Every problem is a complete competitive programming task with a description, input format, output format, and test cases. This setup is important for RL because it gives a binary reward signal that is cheap to compute once the code has run.

RL environment with Atropos and Modal

The RL environment is built using the Atropos framework. NousCoder-14B is prompted using the standard LiveCodeBench prompt format, and it generates Python code for each problem. Each rollout receives a scalar reward that depends on test case results:

Reward 1 when the generated code passes all test cases for that problem

Reward −1 when the code outputs a wrong answer, exceeds a 15 second time limit, or exceeds a 4 GB memory limit on any test case

To execute untrusted code safely and at scale, the team uses Modal as an autoscaled sandbox. The system launches one Modal container per rollout in the main design that the research team describes as the used setting. Each container runs all test cases for that rollout. This avoids mixing training compute with verification compute and keeps the RL loop stable.

The research team also pipelines inference and verification. When an inference worker finishes a generation, it sends the completion to a Modal verifier and immediately starts a new generation. With many inference workers and a fixed pool of Modal containers, this design keeps the training loop inference compute bound instead of verification bound.

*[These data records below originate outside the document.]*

(* Let $G$ be a connected $m$-uniform hypergraph on $n$ vertices. Suppose its incidence matrix $B_G$ has Smith normal form over $\mathbb{Z}_m$ with nonzero diagonal entries $d_1,\dots,d_r$. Then $|\mathbb{PV}_0(\mathcal{L}(G))|=s(\mathcal{L}(G))=s(\mathcal{A}(G))=m^{n-1-r}\prod_{i=1}^r d_i$.
   Context: An $m$-uniform hypergraph $G$ on vertices $v_1,\dots,v_n$ has edges that are $m$-subsets; it is connected in the usual sense. Adjacency tensor $\mathcal{A}(G)$: order $m$, dimension $n$, entry $\frac1{(m-1)!}$ at $(i_1,\dots,i_m)$ if $\{v_{i_1},\dots,v_{i_m}\}$ is an edge, $0$ otherwise. $\mathcal{L}(G)=\mathcal{D}(G)-\mathcal{A}(G)$, where $\mathcal{D}(G)$ is diagonal with the vertex degrees. Incidence matrix $B_G$: rows indexed by edges, columns by vertices, $b_{e,v}=1$ if $v\in e$, else $0$. Smith normal form over $\mathbb{Z}_m$: invertible $P,Q$ over $\mathbb{Z}_m$ with $PB_GQ$ diagonal with entries $d_1,\dots,d_r,0,\dots,0$, $1\le d_i\le m-1$, $d_i\mid d_{i+1}$, $d_i\mid m$. For a tensor $\mathcal{T}$, $(\mathcal{T}x^{m-1})_i=\sum_{i_2,\dots,i_m}t_{ii_2\cdots i_m}x_{i_2}\cdots x_{i_m}$ and $\mathbb{PV}_\lambda(\mathcal{T})=\{x\in\mathbb{P}^{n-1}:\mathcal{T}x^{m-1}=\lambda x^{[m-1]}\}$ with $x^{[m-1]}=(x_i^{m-1})$. Stabilizing index: $s(\mathcal{T})=|\{D=\mathrm{diag}(d_1,\dots,d_n)\text{ invertible complex}:\mathcal{T}=D^{-(m-1)}\mathcal{T}D,\ d_1=1\}|$, where $D^{-(m-1)}\mathcal{T}D$ has entries $d_{i_1}^{-(m-1)}t_{i_1\cdots i_m}d_{i_2}\cdots d_{i_m}$. *)

theory Defs
  imports Complex_Main "HOL-Number_Theory.Cong"
begin

text \<open>Vertices v_1,...,v_n are represented by 0,...,n-1 (v_1 is vertex 0).
  Tensors of order m and dimension n are functions on index lists of length m
  with entries < n.\<close>

definition idx_tuples :: "nat \<Rightarrow> nat \<Rightarrow> nat list set" where
  "idx_tuples k n = {is. length is = k \<and> set is \<subseteq> {..<n}}"

definition uniform_hypergraph :: "nat \<Rightarrow> nat \<Rightarrow> nat set set \<Rightarrow> bool" where
  "uniform_hypergraph m n E \<longleftrightarrow> (\<forall>e\<in>E. e \<subseteq> {..<n} \<and> card e = m)"

definition hg_connected :: "nat \<Rightarrow> nat set set \<Rightarrow> bool" where
  "hg_connected n E \<longleftrightarrow>
     (\<forall>i<n. \<forall>j<n. (i, j) \<in> {(a, b). \<exists>e\<in>E. a \<in> e \<and> b \<in> e}\<^sup>*)"

definition hg_degree :: "nat set set \<Rightarrow> nat \<Rightarrow> nat" where
  "hg_degree E i = card {e\<in>E. i \<in> e}"

definition adj_tensor :: "nat \<Rightarrow> nat set set \<Rightarrow> nat list \<Rightarrow> complex" where
  "adj_tensor m E = (\<lambda>is. if length is = m \<and> set is \<in> E
                           then 1 / of_nat (fact (m - 1)) else 0)"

The team discusses 3 verification parallelization strategies. They explore one container per problem, one per rollout, and one per test case. They finally avoid the per test case setting because of container launch overhead and use an approach where each container evaluates many test cases and focuses on a small set of the hardest test cases first. If any of these fail, the system can stop verification early.

GRPO objectives, DAPO, GSPO, and GSPO+

NousCoder-14B uses Group Relative Policy Optimization (GRPO) which does not require a separate value model. On top of GRPO the research team test 3 objectives: Dynamic sAmpling Policy Optimization (DAPO), Group Sequence Policy Optimization (GSPO), and a modified GSPO variant called GSPO+.

All 3 objectives share the same definition of advantage. The advantage for each rollout is the reward for that rollout normalized by the mean and standard deviation of rewards inside the group. DAPO applies importance weighting and clipping at the token level, and introduces three main changes relative to GRPO:

A clip higher rule that increases exploration for low probability tokens

A token level policy gradient loss that gives each token equal weight

Dynamic sampling, where groups that are all correct or all incorrect are dropped because they carry zero advantage

GSPO moves the importance weighting to the sequence level. It defines a sequence importance ratio that aggregates token ratios over the whole program. GSPO+ keeps sequence level correction, but it rescales gradients so that tokens are weighted equally regardless of sequence length.

On LiveCodeBench v6, the differences between these objectives are modest. At a context length of 81,920 tokens, DAPO reaches a Pass@1 of 67.87 percent while GSPO and GSPO+ reach 66.26 percent and 66.52 percent. At 40,960 tokens, all 3 objectives cluster around 63 percent Pass@1.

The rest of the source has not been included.